Friday’s ruling in federal court was a huge setback for the women’s soccer team in a dispute that has become acrimonious. The U.S. Soccer Federation’s original lawyers were blunt in original court filings that called USWNT players physically inferior to their male counterparts and said then men deserved more because they face tougher competition in more lucrative events.

The judge ended up disputing the pay argument, but not in a manner favorable to the women. He calculated that the USWNT’s roster averaged $221,000 in pay per game from 2015-19 while the men’s average was just $213,000.

He said in his 32-page ruling that the USWNT’s greater success on the field – four World Cup victories to none for the men – was irrelevant because compensation was spelled out in the teams’ respective collective bargaining agreements. For him to strike down a legally negotiated CBA could set a dangerous precedent in other labor disputes.

What’s next for the USWNT?

The USWNT can take U.S. District Judge Gary Klausner’s decision to the U.S. Court of Appeals.
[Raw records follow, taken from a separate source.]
lemma diagonal_tall_strategy_spec:
  assumes "\<And>c. infinite (B c)"
  shows "diagonal_tall_strategy B bs \<in> B (length (filter id bs))"
    and "diagonal_tall_strategy B bs < diagonal_tall_strategy B (b # bs)"
proof -
  have "\<exists>n. n \<in> B c \<and> m < n" for c m
    using assms[of c] unfolding infinite_nat_iff_unbounded by blast
  note least = LeastI_ex[OF this]
  show "diagonal_tall_strategy B bs \<in> B (length (filter id bs))"
  proof (cases bs)
    case Nil
    then show ?thesis using least[of 0 0] by (auto intro: LeastI)
  next
    case (Cons b' bs')
    then show ?thesis
      using least[of _ "diagonal_tall_strategy B bs'"] by (simp only: diagonal_tall_strategy.simps)
  qed
  show "diagonal_tall_strategy B bs < diagonal_tall_strategy B (b # bs)"
    using least by simp
qed

lemma diagonal_enumeration_tall_winning:
  assumes B: "diagonal_enumeration \<I> B"
  shows "tall_winning \<I> (\<lambda>bs. diagonal_tall_strategy B (rev bs))"
    (is "tall_winning \<I> ?\<sigma>")
  unfolding tall_winning_def
proof (intro allI conjI notI)
  fix i :: "nat \<Rightarrow> bool"
  have inf: "\<And>c. infinite (B c)" using B unfolding diagonal_enumeration_def by blast
  show mono: "strict_mono (tall_play ?\<sigma> i)"
    unfolding strict_mono_Suc_iff tall_play_def
    using diagonal_tall_strategy_spec(2)[of B, OF inf] by simp
  assume H: "infinite (tall_play ?\<sigma> i ` {k. i k}) \<and> tall_play ?\<sigma> i ` {k. i k} \<in> \<I>"
  have "\<exists>x \<in> tall_play ?\<sigma> i ` {k. i k}. x \<in> B c \<and> c \<le> x" for c
  proof -
    obtain k where k: "i k" "length (filter id (map i [0..<k])) = c"
      using count_prefixes_attains H by blast
    have count: "length (filter id (rev (map i [0..<k]))) = c"
      using k(2) by (simp only: rev_filter[symmetric] length_rev)
    have "tall_play ?\<sigma> i k \<in> B c"
      using diagonal_tall_strategy_spec(1)[of B "rev (map i [0..<k])", OF inf]
      by (simp only: tall_play_def count)
    moreover have "c \<le> k" using k(2) length_filter_le[of id "map i [0..<k]"] by simp
    moreover have "k \<le> tall_play ?\<sigma> i k" using strict_mono_imp_increasing[OF mono] .
    ultimately show ?thesis using k(1) by force
  qed
  with H show False using B unfolding diagonal_enumeration_def by blast
qed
But winning there would be like overcoming a two-goal deficit while played shorthanded in the final 10 minutes.

The more productive route for their lawyers might be to continue pressing what remains of the lawsuit since the numbers regarding how much is spent on air transportation and hotels are lopsided in favor of the men’s team.

With a small win there likely, the USWNT should reopen the lines of communication with interim USSF president Cindy Parlow Cone, who played 158 games for the U.S. women from 1995-2006.

Parlow must certainly understand the value of getting this dispute out of the public spotlight and might be amenable to putting a deal on the table far less costly than the $66 million originally at stake but enough for the USWNT to walk away feeling as though the fight wasn’t a complete shellacking on the level of the U.S.-Thailand game last year.